Stored data
lemma C_BUC_bounded_on_strip:
  assumes "C_BUC w" shows "\<exists>M. \<forall>x. \<forall>t\<in>{0..T}. \<bar>w x t\<bar> \<le> M"
proof -
  define f where "f t = Bcontfun (\<lambda>x. w x t)" for t
  have mem: "(\<lambda>x. w x t) \<in> bcontfun" if "t \<ge> 0" for t
    using assms that unfolding C_BUC_def BUC_def bcontfun_def
    by (auto intro: uniformly_continuous_imp_continuous)
  have app: "apply_bcontfun (f t) = (\<lambda>x. w x t)" if "t \<ge> 0" for t
    using mem[OF that] by (simp add: f_def Bcontfun_inverse)
  have "continuous_on {0..T} f"
    unfolding continuous_on_iff
  proof (intro ballI allI impI)
    fix t e :: real assume t: "t \<in> {0..T}" and e: "e > 0"
    obtain d where d: "d > 0" "\<forall>s\<ge>0. \<bar>s - t\<bar> < d \<longrightarrow> (\<forall>x. \<bar>w x s - w x t\<bar> \<le> e/2)"
      using assms t e unfolding C_BUC_def by (meson atLeastAtMost_iff half_gt_zero)
    show "\<exists>d>0. \<forall>s\<in>{0..T}. dist s t < d \<longrightarrow> dist (f s) (f t) < e"
    proof (intro exI[of _ d] conjI ballI impI)
      fix s assume s: "s \<in> {0..T}" "dist s t < d"
      have "dist (f s) (f t) \<le> e/2"
      proof (rule dist_bound)
        fix x show "dist (f s x) (f t x) \<le> e/2"
          using app[of s] app[of t] s t d by (auto simp: dist_real_def)
      qed
      then show "dist (f s) (f t) < e" using e by simp
    qed (use d in auto)
  qed
  then have "compact (f ` {0..T})" by (rule compact_continuous_image) simp
  then have "bounded (f ` {0..T})" by (rule compact_imp_bounded)
  then obtain M where M: "\<forall>g\<in>f ` {0..T}. norm g \<le> M" by (auto simp: bounded_iff)
  show ?thesis
  proof (intro exI[of _ M] allI ballI)
    fix x t assume t: "t \<in> {0..T}"
    have "\<bar>w x t\<bar> = norm (apply_bcontfun (f t) x)" using app[of t] t by simp
    also have "\<dots> \<le> norm (f t)" by (rule norm_bounded)
    also have "\<dots> \<le> M" using M t by auto
    finally show "\<bar>w x t\<bar> \<le> M" .
  qed
qed

lemma C_BUC_continuous_on:
  assumes "C_BUC w" shows "continuous_on (UNIV \<times> {0..}) (\<lambda>p. w (fst p) (snd p))"
  unfolding continuous_on_iff
proof (intro ballI allI impI)
  fix p :: "(real^'a) \<times> real" and e :: real assume p: "p \<in> UNIV \<times> {0..}" and e: "e > 0"
  obtain x t where pxt: "p = (x,t)" by (cases p)
  have t: "t \<ge> 0" using p pxt by auto
  have e4: "e/4 > 0" using e by simp
  have "\<forall>t\<ge>0. \<forall>e>0. \<exists>\<delta>>0. \<forall>s\<ge>0. \<bar>s - t\<bar> < \<delta> \<longrightarrow> (\<forall>x. \<bar>w x s - w x t\<bar> \<le> e)"
    using assms unfolding C_BUC_def by blast
  then obtain d1 where d1: "d1 > 0" and d1': "\<And>s y. s\<ge>0 \<Longrightarrow> \<bar>s - t\<bar> < d1 \<Longrightarrow> \<bar>w y s - w y t\<bar> \<le> e/4"
    using t e4 by meson
  have "uniformly_continuous_on UNIV (\<lambda>x. w x t)" using assms t unfolding C_BUC_def BUC_def by auto
  moreover have e2: "e/2 > 0" using e by simp
  ultimately obtain d2 where d2: "d2 > 0" and d2': "\<And>y y'. dist y' y < d2 \<Longrightarrow> dist (w y' t) (w y t) < e/2"
    unfolding uniformly_continuous_on_def by (meson UNIV_I)
  show "\<exists>d>0. \<forall>p'\<in>UNIV \<times> {0..}. dist p' p < d \<longrightarrow> dist (w (fst p') (snd p')) (w (fst p) (snd p)) < e"
  proof (intro exI[of _ "min d1 d2"] conjI ballI impI)
    fix p' :: "(real^'a) \<times> real" assume p': "p' \<in> UNIV \<times> {0..}" "dist p' p < min d1 d2"
    obtain y s where pys: "p' = (y,s)" by (cases p')
    have a1: "dist y x < d2" using dist_fst_le[of p' p] p' pys pxt by auto
    have a2: "\<bar>s - t\<bar> < d1" using dist_snd_le[of p' p] p' pys pxt by (auto simp: dist_real_def)
    have a3: "s \<ge> 0" using p' pys by auto
    have b1: "\<bar>w y s - w y t\<bar> \<le> e/4" by (rule d1'[OF a3 a2])
    have b2: "\<bar>w y t - w x t\<bar> < e/2" using d2'[OF a1] by (simp add: dist_real_def)
    have "\<bar>w y s - w x t\<bar> < e" using b1 b2 e by linarith
    then show "dist (w (fst p') (snd p')) (w (fst p) (snd p)) < e" using pys pxt
      by (simp add: dist_real_def)
  qed (use d1 d2 in auto)
qed

lemma comparison_principle:
  fixes U Ut :: "real^'n \<Rightarrow> real \<Rightarrow> real" and DU :: "real^'n \<Rightarrow> real \<Rightarrow> real^'n"
    and D2U :: "real^'n \<Rightarrow> real \<Rightarrow> real^'n^'n" and g g' :: "real \<Rightarrow> real"
  assumes "C_BUC U" and reg: "classical_reg U Ut DU D2U" and "0 \<le> a"
    and g: "continuous_on {0..} g" and g': "\<And>t. 0 < t \<Longrightarrow> (g has_real_derivative g' t) (at t)"
    and init: "\<And>x. 0 \<le> \<sigma> * U x 0 + g 0"
    and super: "\<And>x t. 0 < t \<Longrightarrow> \<sigma> * U x t + g t < 0 \<Longrightarrow>
      a * (\<sigma> * lap_of (D2U x t)) + K * (\<sigma> * U x t + g t) \<le> \<sigma> * Ut x t + g' t"
    and "0 \<le> t"
  shows "0 \<le> \<sigma> * U x t + g t"
proof (rule supersolution_nonneg[where w = "\<lambda>x t. \<sigma> * U x t + g t" and wt = "\<lambda>x t. \<sigma> * Ut x t + g' t"
      and Dw = "\<lambda>x t. \<sigma> *\<^sub>R DU x t" and D2w = "\<lambda>x t. \<sigma> *\<^sub>R D2U x t" and K = K,
      OF \<open>0 \<le> a\<close> _ _ init _ _ _ _ \<open>0 \<le> t\<close>])
  have "continuous_on (UNIV \<times> {0..}) (\<lambda>p. g (snd p))"
    by (rule continuous_on_compose2[OF g continuous_on_snd]) auto
  then show "continuous_on (UNIV \<times> {0..}) (\<lambda>p. \<sigma> * U (fst p) (snd p) + g (snd p))"
    by (intro continuous_intros C_BUC_continuous_on[OF \<open>C_BUC U\<close>])
  show "\<exists>M. \<forall>x. \<forall>t\<in>{0..T}. - M \<le> \<sigma> * U x t + g t" for T
  proof -
    obtain M where M: "\<forall>x. \<forall>t\<in>{0..T}. \<bar>U x t\<bar> \<le> M"
      using C_BUC_bounded_on_strip[OF \<open>C_BUC U\<close>] by blast
    have "compact (g ` {0..T})"
      by (rule compact_continuous_image[OF continuous_on_subset[OF g]]) auto
    then obtain G where G: "\<forall>y\<in>g ` {0..T}. \<bar>y\<bar> \<le> G"
      using compact_imp_bounded bounded_iff real_norm_def by metis
    have "- (\<bar>\<sigma>\<bar> * M + G) \<le> \<sigma> * U x t + g t" if "t \<in> {0..T}" for x t
    proof -
      have "\<bar>\<sigma> * U x t\<bar> \<le> \<bar>\<sigma>\<bar> * M" using M that by (simp add: abs_mult mult_left_mono)
      moreover have "\<bar>g t\<bar> \<le> G" using G that by auto
      ultimately show ?thesis by linarith
    qed
    then show ?thesis by blast
  qed
  fix x and t :: real assume "0 < t"
  show "((\<lambda>s. \<sigma> * U x s + g s) has_real_derivative \<sigma> * Ut x t + g' t) (at t)"
    using reg g'[OF \<open>0 < t\<close>] \<open>0 < t\<close> unfolding classical_reg_def
    by (auto intro!: derivative_eq_intros)
  show "((\<lambda>y. \<sigma> * U y t + g t) has_derivative (\<lambda>k. (\<sigma> *\<^sub>R DU x t) \<bullet> k)) (at x)"
    using reg \<open>0 < t\<close> unfolding classical_reg_def by (auto intro!: derivative_eq_intros)
  show "((\<lambda>y. \<sigma> *\<^sub>R DU y t) has_derivative (\<lambda>k. (\<sigma> *\<^sub>R D2U x t) *v k)) (at x)"
    using reg \<open>0 < t\<close> unfolding classical_reg_def
    by (auto intro!: derivative_eq_intros simp: scaleR_matrix_vector_assoc[symmetric])
  assume "\<sigma> * U x t + g t < 0"
  moreover have "lap_of (\<sigma> *\<^sub>R D2U x t) = \<sigma> * lap_of (D2U x t)"
    by (simp add: lap_of_def sum_distrib_left)
  ultimately show "a * lap_of (\<sigma> *\<^sub>R D2U x t) + K * (\<sigma> * U x t + g t) \<le> \<sigma> * Ut x t + g' t"
    using super[OF \<open>0 < t\<close>] by simp
qed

◆ **WHAT NEEDS TO BE DONE**: What you return should be exactly the lines above, starting at the one with "(\<lambda>p. \<sigma> *" and ending at the one with "by (intro continuous_intros", and nothing else.

◆ **SOLUTION**:
  then show "continuous_on (UNIV \<times> {0..}) (\<lambda>p. \<sigma> * U (fst p) (snd p) + g (snd p))"
    by (intro continuous_intros C_BUC_continuous_on[OF \<open>C_BUC U\<close>])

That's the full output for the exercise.